**Provided records:**
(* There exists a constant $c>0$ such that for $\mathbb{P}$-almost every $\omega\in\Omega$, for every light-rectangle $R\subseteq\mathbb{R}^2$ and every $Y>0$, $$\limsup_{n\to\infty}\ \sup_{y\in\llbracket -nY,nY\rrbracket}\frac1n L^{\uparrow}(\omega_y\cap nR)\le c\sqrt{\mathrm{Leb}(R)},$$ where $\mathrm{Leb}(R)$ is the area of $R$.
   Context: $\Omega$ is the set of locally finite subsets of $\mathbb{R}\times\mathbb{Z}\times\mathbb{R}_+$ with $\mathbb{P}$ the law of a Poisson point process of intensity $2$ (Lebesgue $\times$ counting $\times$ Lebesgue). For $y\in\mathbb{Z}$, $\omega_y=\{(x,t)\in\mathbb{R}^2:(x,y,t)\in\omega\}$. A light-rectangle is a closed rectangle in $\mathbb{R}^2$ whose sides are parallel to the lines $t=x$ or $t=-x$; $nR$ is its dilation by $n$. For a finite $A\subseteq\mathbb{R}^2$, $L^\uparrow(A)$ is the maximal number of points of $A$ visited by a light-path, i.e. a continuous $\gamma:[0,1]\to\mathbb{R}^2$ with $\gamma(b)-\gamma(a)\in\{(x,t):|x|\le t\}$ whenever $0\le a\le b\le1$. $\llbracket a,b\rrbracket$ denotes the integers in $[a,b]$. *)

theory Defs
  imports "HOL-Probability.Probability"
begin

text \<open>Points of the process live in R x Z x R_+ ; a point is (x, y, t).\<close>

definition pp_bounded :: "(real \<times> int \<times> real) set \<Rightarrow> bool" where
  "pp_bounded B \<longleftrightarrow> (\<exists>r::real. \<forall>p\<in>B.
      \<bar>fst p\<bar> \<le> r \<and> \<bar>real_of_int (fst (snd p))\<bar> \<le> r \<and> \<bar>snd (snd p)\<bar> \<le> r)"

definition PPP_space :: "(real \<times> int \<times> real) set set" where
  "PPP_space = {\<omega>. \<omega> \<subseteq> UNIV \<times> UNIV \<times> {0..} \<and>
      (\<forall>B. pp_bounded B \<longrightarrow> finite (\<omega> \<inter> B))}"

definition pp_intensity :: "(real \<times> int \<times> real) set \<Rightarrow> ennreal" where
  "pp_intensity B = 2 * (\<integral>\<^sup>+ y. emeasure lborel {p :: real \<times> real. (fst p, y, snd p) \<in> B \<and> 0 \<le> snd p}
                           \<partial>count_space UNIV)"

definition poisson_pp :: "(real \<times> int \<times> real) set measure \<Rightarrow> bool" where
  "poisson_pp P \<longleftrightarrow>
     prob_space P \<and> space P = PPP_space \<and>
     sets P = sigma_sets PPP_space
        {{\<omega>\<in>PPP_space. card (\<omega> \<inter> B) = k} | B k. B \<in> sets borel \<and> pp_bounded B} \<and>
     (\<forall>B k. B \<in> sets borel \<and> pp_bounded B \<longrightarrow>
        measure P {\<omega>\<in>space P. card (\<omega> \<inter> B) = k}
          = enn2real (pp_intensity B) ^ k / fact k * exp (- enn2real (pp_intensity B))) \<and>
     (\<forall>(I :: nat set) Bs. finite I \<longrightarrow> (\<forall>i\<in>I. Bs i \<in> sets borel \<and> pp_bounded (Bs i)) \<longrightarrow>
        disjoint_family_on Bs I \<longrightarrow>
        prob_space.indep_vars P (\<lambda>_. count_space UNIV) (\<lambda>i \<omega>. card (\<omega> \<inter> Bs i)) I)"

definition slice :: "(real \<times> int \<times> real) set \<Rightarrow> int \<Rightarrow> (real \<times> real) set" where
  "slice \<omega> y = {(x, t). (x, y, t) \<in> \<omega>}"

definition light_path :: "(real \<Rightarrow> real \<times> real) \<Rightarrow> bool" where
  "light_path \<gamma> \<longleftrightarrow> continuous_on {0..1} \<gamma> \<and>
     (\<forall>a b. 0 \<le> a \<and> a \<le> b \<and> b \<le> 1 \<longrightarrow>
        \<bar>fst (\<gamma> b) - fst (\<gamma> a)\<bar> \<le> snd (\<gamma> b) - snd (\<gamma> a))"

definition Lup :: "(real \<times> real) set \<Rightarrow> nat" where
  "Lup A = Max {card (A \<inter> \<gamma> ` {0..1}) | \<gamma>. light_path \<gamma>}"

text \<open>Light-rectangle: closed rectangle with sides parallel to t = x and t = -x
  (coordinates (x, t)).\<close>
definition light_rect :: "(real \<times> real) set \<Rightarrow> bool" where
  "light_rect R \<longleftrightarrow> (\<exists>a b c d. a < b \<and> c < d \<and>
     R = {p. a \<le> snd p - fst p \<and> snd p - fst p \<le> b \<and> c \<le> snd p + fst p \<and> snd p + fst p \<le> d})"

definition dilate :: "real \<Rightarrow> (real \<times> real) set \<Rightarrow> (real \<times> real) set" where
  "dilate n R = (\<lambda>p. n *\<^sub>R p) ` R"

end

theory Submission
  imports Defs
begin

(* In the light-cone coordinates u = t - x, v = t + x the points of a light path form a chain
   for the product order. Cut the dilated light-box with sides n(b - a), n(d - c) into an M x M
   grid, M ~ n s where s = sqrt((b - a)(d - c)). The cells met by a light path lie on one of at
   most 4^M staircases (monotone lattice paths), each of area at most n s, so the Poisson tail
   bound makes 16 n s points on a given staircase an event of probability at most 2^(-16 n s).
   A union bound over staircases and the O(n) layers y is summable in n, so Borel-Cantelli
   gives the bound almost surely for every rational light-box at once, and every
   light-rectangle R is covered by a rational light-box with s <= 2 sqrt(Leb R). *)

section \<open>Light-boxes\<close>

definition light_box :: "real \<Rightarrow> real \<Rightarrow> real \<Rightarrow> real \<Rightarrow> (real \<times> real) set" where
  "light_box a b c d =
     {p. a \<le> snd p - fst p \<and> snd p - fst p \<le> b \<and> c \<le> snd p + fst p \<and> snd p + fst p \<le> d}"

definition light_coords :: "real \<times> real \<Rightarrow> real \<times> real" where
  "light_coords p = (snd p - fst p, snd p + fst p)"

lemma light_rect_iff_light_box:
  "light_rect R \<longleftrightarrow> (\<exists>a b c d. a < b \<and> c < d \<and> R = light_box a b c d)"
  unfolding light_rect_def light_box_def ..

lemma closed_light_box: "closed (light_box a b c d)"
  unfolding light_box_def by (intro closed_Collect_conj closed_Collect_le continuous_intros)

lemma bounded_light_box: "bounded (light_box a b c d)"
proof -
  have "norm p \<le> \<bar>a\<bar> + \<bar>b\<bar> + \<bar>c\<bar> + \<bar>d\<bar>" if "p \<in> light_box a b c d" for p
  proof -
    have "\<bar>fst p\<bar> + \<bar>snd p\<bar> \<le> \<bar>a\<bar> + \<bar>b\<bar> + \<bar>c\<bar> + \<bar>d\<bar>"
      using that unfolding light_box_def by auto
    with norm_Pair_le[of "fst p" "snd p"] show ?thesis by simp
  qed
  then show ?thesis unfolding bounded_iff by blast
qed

**What is needed:** If a line in the records above has the word "rational", copy it out.

**Answer to this exercise:**
   gives the bound almost surely for every rational light-box at once, and every
   light-rectangle R is covered by a rational light-box with s <= 2 sqrt(Leb R). *)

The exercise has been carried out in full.